What the task asks: One part of the entries below is wanted: the lines from the one containing "int (Max (\<sigma>" through the one containing "(expl_X \<omega> n))". Write those out exactly and nothing else.

Saved entries:
(* For every $A>0$ there is a constant $\kappa(A)>0$, depending only on $A$, such that for diffusive deposition, every $N$, every $\sigma\in\mathcal X_e(A)$ and every $i\in G_N$, $$P\big(\text{explorer attaches to pile } i\,\big|\,\sigma\big)\ge\kappa(A)\frac{\sigma_i^2}{N}.$$
   Context: Diffusive deposition: for $N\ge2$, $G_N=\{1,\dots,N\}$, a configuration $\sigma\in\mathbb N^N$ gives column (pile) heights. Given $\sigma$, an explorer is a walk $(X_n,Z_n)_{n\ge0}$ with $(X_n)$ i.i.d. uniform on $G_N$, $Z_0=\max_i\sigma_i+1$, and $(Z_{n+1}-Z_n)$ i.i.d. uniform on $\{-1,1\}$ independent of $(X_n)$. With $n^*=\inf\{n:Z_n\le\sigma_{X_n}\}$, the explorer attaches to pile $X_{n^*}$. The early regime is $\mathcal X_e(A)=\{\sigma\in\mathbb N^N:\ \sum_{i=1}^N\sigma_i^2\le AN,\ \sum_{i=1}^N\sigma_i<N/2\}$. *)

theory Defs
  imports "HOL-Probability.Probability"
begin

text \<open>One step of the explorer's randomness: the column X_n, uniform on G_N = {1..N},
  and the increment Z_{n+1} - Z_n, uniform on {-1,1}, independent of each other.\<close>
definition explorer_step :: "nat \<Rightarrow> (nat \<times> int) pmf" where
  "explorer_step N = pair_pmf (pmf_of_set {1..N}) (pmf_of_set {-1, 1})"

definition explorer_space :: "nat \<Rightarrow> (nat \<times> int) stream measure" where
  "explorer_space N = stream_space (measure_pmf (explorer_step N))"

definition expl_X :: "(nat \<times> int) stream \<Rightarrow> nat \<Rightarrow> nat" where
  "expl_X \<omega> n = fst (\<omega> !! n)"

definition expl_Z :: "nat \<Rightarrow> (nat \<Rightarrow> nat) \<Rightarrow> (nat \<times> int) stream \<Rightarrow> nat \<Rightarrow> int" where
  "expl_Z N \<sigma> \<omega> n = int (Max (\<sigma> ` {1..N})) + 1 + (\<Sum>k<n. snd (\<omega> !! k))"

definition attaches_to :: "nat \<Rightarrow> (nat \<Rightarrow> nat) \<Rightarrow> nat \<Rightarrow> (nat \<times> int) stream set" where
  "attaches_to N \<sigma> i = {\<omega> \<in> space (explorer_space N).
     \<exists>n. expl_Z N \<sigma> \<omega> n \<le> int (\<sigma> (expl_X \<omega> n))
        \<and> (\<forall>m<n. \<not> expl_Z N \<sigma> \<omega> m \<le> int (\<sigma> (expl_X \<omega> m)))
        \<and> expl_X \<omega> n = i}"

definition attach_prob :: "nat \<Rightarrow> (nat \<Rightarrow> nat) \<Rightarrow> nat \<Rightarrow> real" where
  "attach_prob N \<sigma> i = measure (explorer_space N) (attaches_to N \<sigma> i)"

definition early_regime :: "real \<Rightarrow> nat \<Rightarrow> (nat \<Rightarrow> nat) \<Rightarrow> bool" where
  "early_regime A N \<sigma> \<longleftrightarrow>
     real (\<Sum>i=1..N. (\<sigma> i)^2) \<le> A * real N \<and> real (\<Sum>i=1..N. \<sigma> i) < real N / 2"

end

theory Submission
  imports Defs
begin

text \<open>Started at height \<open>z\<close>, the explorer attaches to pile \<open>i\<close> with some probability \<open>q z\<close>, and
  conditioning on the first step gives \<open>q z = [z \<le> \<sigma> i]/N + c z (q (z - 1) + q (z + 1))/2\<close>, where
  \<open>c z\<close> is the fraction of piles lower than \<open>z\<close>. By a discrete maximum principle every subsolution
  of this equation that is nonpositive outside a finite window lies below \<open>q\<close>.
  Let \<open>s = \<sigma> i\<close> and \<open>b = s div 2\<close>. The weight \<open>w z = exp (-4 \<Sum>b<y\<le>z. T y)\<close>, with \<open>T y\<close> the
  mean number of levels \<open>\<ge> y\<close> occupied by a pile, is a subsolution of the homogeneous
  equation because less than half of the piles reach height 1, and \<open>\<Sum>a. \<sigma> a\<^sup>2 \<le> A N\<close> keeps it
  above \<open>exp (-4 A)\<close>. Multiplying \<open>w\<close> by the parabola \<open>(z - b)(2 s - b - z)\<close>, capped at its
  maximum \<open>(s - b)\<^sup>2\<close> above \<open>s\<close>, costs at most \<open>1 + 8 A\<close> in the discrete product rule. So
  the product divided by \<open>1 + 8 A\<close>, minus a small linear term, is a subsolution, and at the
  starting height \<open>max \<sigma> + 1\<close> it is at least \<open>exp (-4 A) s\<^sup>2 / (8 (1 + 8 A) N)\<close>.\<close>

section \<open>A discrete maximum principle\<close>

lemma discrete_maximum_principle:
  fixes h c :: "int \<Rightarrow> real"
  assumes c: "\<And>z. 0 \<le> c z \<and> c z \<le> 1"
    and sub: "\<And>z. h z \<le> c z * (h (z - 1) + h (z + 1)) / 2"
    and lo: "\<And>z. z \<le> lo \<Longrightarrow> h z \<le> 0" and hi: "\<And>z. hi \<le> z \<Longrightarrow> h z \<le> 0"
  shows "h z \<le> 0"
proof (rule ccontr)
  assume "\<not> h z \<le> 0"
  then have z: "z \<in> {lo..hi}" and hz: "0 < h z"
    using lo[of z] hi[of z] by force+
  define m where "m = Max (h ` {lo..hi})"
  have m_pos: "0 < m"
    using hz z by (auto simp: m_def Max_gr_iff)
  have h_le: "h x \<le> m" for x
    using lo[of x] hi[of x] m_pos by (cases "x \<in> {lo..hi}") (auto simp: m_def)
  define Z where "Z = {x \<in> {lo..hi}. h x = m}"
  have "finite Z"
    unfolding Z_def by (rule finite_subset[of _ "{lo..hi}"]) auto
  have "m \<in> h ` {lo..hi}"
    unfolding m_def using z by (intro Max_in) auto
  then have "Z \<noteq> {}"
    by (auto simp: Z_def)
  \<comment> \<open>The rightmost maximiser is strictly above its right neighbour.\<close>
  define z\<^sub>1 where "z\<^sub>1 = Max Z"
  have "z\<^sub>1 \<in> Z"
    using \<open>finite Z\<close> \<open>Z \<noteq> {}\<close> by (simp add: z\<^sub>1_def)
  then have hz\<^sub>1: "h z\<^sub>1 = m"
    by (simp add: Z_def)
  have "z\<^sub>1 + 1 \<notin> Z"
    using Max_ge[OF \<open>finite Z\<close>, of "z\<^sub>1 + 1"] by (auto simp: z\<^sub>1_def)
  then have "h (z\<^sub>1 + 1) < m"
    using h_le[of "z\<^sub>1 + 1"] lo[of "z\<^sub>1 + 1"] hi[of "z\<^sub>1 + 1"] m_pos by (force simp: Z_def)
  then have avg: "(h (z\<^sub>1 - 1) + h (z\<^sub>1 + 1)) / 2 < m"
    using h_le[of "z\<^sub>1 - 1"] by simp
  have "c z\<^sub>1 * ((h (z\<^sub>1 - 1) + h (z\<^sub>1 + 1)) / 2) < m"
    using c[of z\<^sub>1] avg m_pos mult_left_le_one_le[of "(h (z\<^sub>1 - 1) + h (z\<^sub>1 + 1)) / 2" "c z\<^sub>1"]
      mult_nonneg_nonpos[of "c z\<^sub>1" "(h (z\<^sub>1 - 1) + h (z\<^sub>1 + 1)) / 2"]
    by (cases "0 \<le> (h (z\<^sub>1 - 1) + h (z\<^sub>1 + 1)) / 2") linarith+
  then show False
    using sub[of z\<^sub>1] hz\<^sub>1 by simp
qed

lemma subsolution_le_solution:
  fixes q g c f :: "int \<Rightarrow> real"
  assumes c: "\<And>z. 0 \<le> c z \<and> c z \<le> 1"
    and q: "\<And>z. q z = f z + c z * (q (z - 1) + q (z + 1)) / 2" and q_nonneg: "\<And>z. 0 \<le> q z"
    and g: "\<And>z. g z \<le> f z + c z * (g (z - 1) + g (z + 1)) / 2"
    and lo: "\<And>z. z \<le> lo \<Longrightarrow> g z \<le> 0" and hi: "\<And>z. hi \<le> z \<Longrightarrow> g z \<le> 0"
  shows "g z \<le> q z"
proof -
  have "g z - q z \<le> 0"
  proof (rule discrete_maximum_principle[OF c])
    show "g z - q z \<le> c z * ((g (z - 1) - q (z - 1)) + (g (z + 1) - q (z + 1))) / 2" for z
      using g[of z] q[of z] by (simp add: algebra_simps add_divide_distrib diff_divide_distrib)
    show "g z - q z \<le> 0" if "z \<le> lo" for z
      using lo[OF that] q_nonneg[of z] by simp
    show "g z - q z \<le> 0" if "hi \<le> z" for z
      using hi[OF that] q_nonneg[of z] by simp
  qed
  then show ?thesis
    by simp
qed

Solution to this exercise:
  "expl_Z N \<sigma> \<omega> n = int (Max (\<sigma> ` {1..N})) + 1 + (\<Sum>k<n. snd (\<omega> !! k))"

definition attaches_to :: "nat \<Rightarrow> (nat \<Rightarrow> nat) \<Rightarrow> nat \<Rightarrow> (nat \<times> int) stream set" where
  "attaches_to N \<sigma> i = {\<omega> \<in> space (explorer_space N).
     \<exists>n. expl_Z N \<sigma> \<omega> n \<le> int (\<sigma> (expl_X \<omega> n))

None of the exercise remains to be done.